## [Task]
Each line of the data holding "finally" should be found and copied.

Stored items
lemma K_diag_carrier: "K * mat_diag N \<eta> \<in> carrier_mat N N"
  using K_carrier by simp

lemma K_mult_scaled:
  assumes i: "i < N"
  shows "(\<Sum>j<N. K $$ (i,j) * (sqrt (d j) * w j)) = sqrt (d i) * mvmult N A w i"
  unfolding mvmult_def sum_distrib_left
proof (intro sum.cong refl)
  fix j assume "j \<in> {..<N}"
  then have "0 < sqrt (d j)" using d_pos by simp
  then show "K $$ (i,j) * (sqrt (d j) * w j) = sqrt (d i) * (A i j * w j)"
    using i \<open>j \<in> {..<N}\<close> by (simp add: K_entry field_simps)
qed

lemma eigenvector_K_if_eigenvector_A:
  assumes ev: "\<And>i. i < N \<Longrightarrow> mvmult N A z i = r * z i" and nz: "i0 < N" "z i0 \<noteq> 0"
  shows "eigenvector (cmat K) (vec N (\<lambda>i. complex_of_real (sqrt (d i) * z i))) (complex_of_real r)"
proof (rule eigenvector_cmatI[OF K_carrier])
  fix i assume "i < N"
  then show "(\<Sum>j<N. K $$ (i,j) * (sqrt (d j) * z j)) = r * (sqrt (d i) * z i)"
    using K_mult_scaled ev by simp
next
  show "i0 < N" "sqrt (d i0) * z i0 \<noteq> 0" using nz d_pos[OF nz(1)] by auto
qed

lemma eigenvalue_K_if_eigenvector_A:
  assumes "\<And>i. i < N \<Longrightarrow> mvmult N A z i = r * z i" and "sprod N z z = 1"
  shows "eigenvalue (cmat K) (complex_of_real r)"
  using eigenvector_K_if_eigenvector_A[OF assms(1)] sprod_self_eq_1_nonzero[OF assms(2)]
  unfolding eigenvalue_def by blast

lemma weighted_form_K_diag_eigenvector:
  assumes \<eta>: "\<forall>i<N. 0 \<le> \<eta> i" and i: "i < N"
  shows "(\<Sum>j<N. complex_of_real (weighted_form A \<eta> i j) * (complex_of_real (sqrt (\<eta> j) / sqrt (d j)) * v j))
    = complex_of_real (sqrt (\<eta> i) / sqrt (d i))
        * (\<Sum>j<N. complex_of_real ((K * mat_diag N \<eta>) $$ (i,j)) * v j)"
  unfolding sum_distrib_left
proof (intro sum.cong refl)
  fix j assume j: "j \<in> {..<N}"
  have "weighted_form A \<eta> i j * (sqrt (\<eta> j) / sqrt (d j))
      = sqrt (\<eta> i) / sqrt (d i) * (K * mat_diag N \<eta>) $$ (i,j)"
    using i j \<eta> d_pos[of i] d_pos[of j]
    by (simp add: weighted_form_def K_diag_entry K_entry field_simps)
  then show "complex_of_real (weighted_form A \<eta> i j) * (complex_of_real (sqrt (\<eta> j) / sqrt (d j)) * v j)
      = complex_of_real (sqrt (\<eta> i) / sqrt (d i)) * (complex_of_real ((K * mat_diag N \<eta>) $$ (i,j)) * v j)"
    by (metis (no_types, lifting) mult.assoc of_real_mult)
qed

lemma K_diag_eigenvalue_norm_le:
  assumes \<eta>: "\<forall>i<N. 0 \<le> \<eta> i" and m: "0 \<le> m"
    and bound: "\<And>x. qform N (weighted_form A \<eta>) x \<le> m * sprod N x x"
    and \<mu>: "eigenvalue (cmat (K * mat_diag N \<eta>)) \<mu>"
  shows "cmod \<mu> \<le> m"
proof (cases "\<mu> = 0")
  case True
  then show ?thesis using m by simp
next
  case False
  obtain v i where i: "i < N" "v i \<noteq> 0"
    and e: "\<And>i. i < N \<Longrightarrow> (\<Sum>j<N. complex_of_real ((K * mat_diag N \<eta>) $$ (i,j)) * v j) = \<mu> * v i"
    by (rule eigenvalue_cmatD[OF K_diag_carrier \<mu>]) (rule that)
  define y where "y = (\<lambda>j. complex_of_real (sqrt (\<eta> j) / sqrt (d j)) * v j)"
  have ey: "(\<Sum>j<N. complex_of_real (weighted_form A \<eta> i j) * y j) = \<mu> * y i" if "i < N" for i
    unfolding y_def weighted_form_K_diag_eigenvector[OF \<eta> that] e[OF that] by (simp add: mult_ac)
  have "(\<Sum>j<N. complex_of_real ((K * mat_diag N \<eta>) $$ (i,j)) * v j) \<noteq> 0"
    using e[OF i(1)] False i(2) by simp
  then obtain j where j: "j < N" "(K * mat_diag N \<eta>) $$ (i,j) \<noteq> 0" "v j \<noteq> 0"
    by (metis (no_types, lifting) lessThan_iff mult_eq_0_iff of_real_0 sum.neutral)
  then have "y j \<noteq> 0" using i \<eta> d_pos[of j] by (simp add: y_def K_diag_entry)
  with weighted_form_nonneg[OF A_nonneg \<eta>] bound ey j(1) show ?thesis
    by (rule complex_eigenvalue_norm_le)
qed

lemma K_diag_eigenvalue_if_weighted_form_eigenvector:
  assumes \<eta>: "\<forall>i<N. 0 \<le> \<eta> i" and m: "m \<noteq> 0"
    and ev: "\<And>i. i < N \<Longrightarrow> mvmult N (weighted_form A \<eta>) z i = m * z i" and z: "sprod N z z = 1"
  shows "eigenvalue (cmat (K * mat_diag N \<eta>)) (complex_of_real m)"
proof -
  obtain u where zu: "\<And>i. i < N \<Longrightarrow> sqrt (\<eta> i) * u i = z i"
    and eu: "\<And>i. i < N \<Longrightarrow> mvmult N A (\<lambda>j. \<eta> j * u j) i = m * u i"
    using weighted_form_eigenvector_lift[OF \<eta> m ev] by auto
  obtain i0 where i0: "i0 < N" "z i0 \<noteq> 0" using sprod_self_eq_1_nonzero[OF z] by blast
  have "eigenvector (cmat (K * mat_diag N \<eta>)) (vec N (\<lambda>i. complex_of_real (sqrt (d i) * u i)))
      (complex_of_real m)"
  proof (rule eigenvector_cmatI[OF K_diag_carrier])
    fix i assume i: "i < N"
    have "(\<Sum>j<N. (K * mat_diag N \<eta>) $$ (i,j) * (sqrt (d j) * u j))
        = (\<Sum>j<N. K $$ (i,j) * (sqrt (d j) * (\<eta> j * u j)))"
      using i by (intro sum.cong refl) (simp add: K_diag_entry mult_ac)
    also have "\<dots> = sqrt (d i) * mvmult N A (\<lambda>j. \<eta> j * u j) i" by (rule K_mult_scaled[OF i])
    finally show "(\<Sum>j<N. (K * mat_diag N \<eta>) $$ (i,j) * (sqrt (d j) * u j)) = m * (sqrt (d i) * u i)"
      using eu[OF i] by simp
  next
    show "i0 < N" "sqrt (d i0) * u i0 \<noteq> 0" using i0 zu[OF i0(1)] d_pos[OF i0(1)] by auto
  qed
  then show ?thesis unfolding eigenvalue_def by blast
qed

lemma Re_fun_eq_top_eigenvalue:
  assumes \<eta>: "\<forall>i<N. 0 \<le> \<eta> i" and z: "sprod N z z = 1"
    and bound: "\<And>x. qform N (weighted_form A \<eta>) x \<le> m * sprod N x x"
    and ev: "\<And>i. i < N \<Longrightarrow> mvmult N (weighted_form A \<eta>) z i = m * z i"
  shows "Re_fun N K \<eta> = m"
proof -
  let ?M = "cmat (K * mat_diag N \<eta>)"
  have M: "?M \<in> carrier_mat N N" using K_diag_carrier by (simp add: cmat_def)
  have N: "0 < N" using N_pos by simp
  have m: "0 \<le> m" by (rule top_eigenvalue_nonneg[OF weighted_form_nonneg[OF A_nonneg \<eta>] bound z])
  obtain \<mu> where \<mu>: "eigenvalue ?M \<mu>" and rho: "spectral_radius ?M = cmod \<mu>"
    using spectral_radius_mem_max(1)[OF M N] unfolding spectrum_def by auto
  have "cmod \<mu> \<le> m" by (rule K_diag_eigenvalue_norm_le[OF \<eta> m bound \<mu>])
  moreover have "m \<le> spectral_radius ?M"
  proof (cases "m = 0")
    case False
    then have "eigenvalue ?M (complex_of_real m)"
      by (rule K_diag_eigenvalue_if_weighted_form_eigenvector[OF \<eta> _ ev z])
    then have "norm (complex_of_real m) \<in> norm ` spectrum ?M"
      unfolding spectrum_def by (intro imageI) simp
    then show ?thesis using spectral_radius_mem_max(2)[OF M N] m by simp
  qed (simp add: rho)
  ultimately show ?thesis unfolding Re_fun_def using rho by linarith
qed

lemma Re_fun_top_eigenpair:
  assumes \<eta>: "\<forall>i<N. 0 \<le> \<eta> i"
  obtains z where "sprod N z z = 1"
    "\<And>i. i < N \<Longrightarrow> mvmult N (weighted_form A \<eta>) z i = Re_fun N K \<eta> * z i"
proof -
  obtain m z where z: "sprod N z z = 1"
    and bound: "\<And>x. qform N (weighted_form A \<eta>) x \<le> m * sprod N x x"
    and ev: "\<And>i. i < N \<Longrightarrow> mvmult N (weighted_form A \<eta>) z i = m * z i"
    by (rule symmetric_form_top_eigenpair[OF N_pos symmetric_weighted_form[OF A_symmetric]]) (rule that)
  have Re: "Re_fun N K \<eta> = m" using \<eta> z bound ev by (rule Re_fun_eq_top_eigenvalue)
  show ?thesis by (rule that[OF z]) (simp add: Re ev)
qed

lemma Re_fun_upper_bound:
  assumes \<eta>: "\<forall>i<N. 0 \<le> \<eta> i"
  shows "qform N (weighted_form A \<eta>) x \<le> Re_fun N K \<eta> * sprod N x x"
proof -
  obtain m z where z: "sprod N z z = 1"
    and bound: "\<And>x. qform N (weighted_form A \<eta>) x \<le> m * sprod N x x"
    and ev: "\<And>i. i < N \<Longrightarrow> mvmult N (weighted_form A \<eta>) z i = m * z i"
    by (rule symmetric_form_top_eigenpair[OF N_pos symmetric_weighted_form[OF A_symmetric]]) (rule that)
  have "Re_fun N K \<eta> = m" using \<eta> z bound ev by (rule Re_fun_eq_top_eigenvalue)
  then show ?thesis using bound by simp
qed

lemma Re_fun_nonneg: "0 \<le> Re_fun N K \<eta>"
proof -
  have "cmat (K * mat_diag N \<eta>) \<in> carrier_mat N N" using K_diag_carrier by (simp add: cmat_def)
  then have "Re_fun N K \<eta> \<in> norm ` spectrum (cmat (K * mat_diag N \<eta>))"
    unfolding Re_fun_def using N_pos by (intro spectral_radius_mem_max(1)) auto
  then show ?thesis by auto
qed

lemma Re_fun_scaled_mono:
  assumes x: "\<forall>i<N. 0 \<le> x i" and k: "0 \<le> k" and le: "\<And>i. i < N \<Longrightarrow> k * x i \<le> c i"
  shows "k * Re_fun N K x \<le> Re_fun N K c"
proof -
  have c: "\<forall>i<N. 0 \<le> c i"
  proof (intro allI impI)
    fix i assume "i < N"
    then have "0 \<le> k * x i" using x k by (simp add: mult_nonneg_nonneg)
    then show "0 \<le> c i" using le[OF \<open>i < N\<close>] by linarith
  qed
  obtain z where z: "sprod N z z = 1"
    and ev: "\<And>i. i < N \<Longrightarrow> mvmult N (weighted_form A x) z i = Re_fun N K x * z i"
    by (rule Re_fun_top_eigenpair[OF x]) (rule that)
  let ?z = "\<lambda>i. \<bar>z i\<bar>"
  have "k * Re_fun N K x = k * qform N (weighted_form A x) z"
    using qform_eigenvector[OF ev] z by simp
  also have "\<dots> \<le> k * qform N (weighted_form A x) ?z"
    using qform_le_qform_abs[OF weighted_form_nonneg[OF A_nonneg x]] k by (rule mult_left_mono)
  also have "\<dots> = qform N (weighted_form A (\<lambda>i. k * x i)) ?z"
    by (rule qform_weighted_form_scale[OF k, symmetric])
  also have "\<dots> \<le> qform N (weighted_form A c) ?z"
    by (rule qform_weighted_form_mono) (use A_nonneg x k le in \<open>auto intro: mult_nonneg_nonneg\<close>)
  also have "\<dots> \<le> Re_fun N K c * sprod N ?z ?z" by (rule Re_fun_upper_bound[OF c])
  also have "\<dots> = Re_fun N K c" using z by (simp add: sprod_abs_self)
  finally show ?thesis .
qed

lemma Re_fun_supporting_vector:
  assumes c: "\<forall>i<N. 0 \<le> c i" and pos: "Re_fun N K c \<noteq> 0"
  obtains u where "(\<Sum>i<N. c i * (u i)^2) = 1"
    "\<And>i. i < N \<Longrightarrow> mvmult N A (\<lambda>j. c j * u j) i = Re_fun N K c * u i"
proof -
  obtain z where z: "sprod N z z = 1"
    and ev: "\<And>i. i < N \<Longrightarrow> mvmult N (weighted_form A c) z i = Re_fun N K c * z i"
    by (rule Re_fun_top_eigenpair[OF c]) (rule that)
  obtain u where zu: "\<And>i. i < N \<Longrightarrow> sqrt (c i) * u i = z i"
    and eu: "\<And>i. i < N \<Longrightarrow> mvmult N A (\<lambda>j. c j * u j) i = Re_fun N K c * u i"
    using weighted_form_eigenvector_lift[OF c pos ev] by auto
  have "sprod N z z = sprod N (\<lambda>i. sqrt (c i) * u i) (\<lambda>i. sqrt (c i) * u i)"
    unfolding sprod_def using zu by simp
  then have "(\<Sum>i<N. c i * (u i)^2) = 1" using z sprod_sqrt_weights[OF c] by simp
  then show ?thesis using eu by (rule that)
qed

## [Written response]
    finally show "(\<Sum>j<N. (K * mat_diag N \<eta>) $$ (i,j) * (sqrt (d j) * u j)) = m * (sqrt (d i) * u i)"
  finally show ?thesis .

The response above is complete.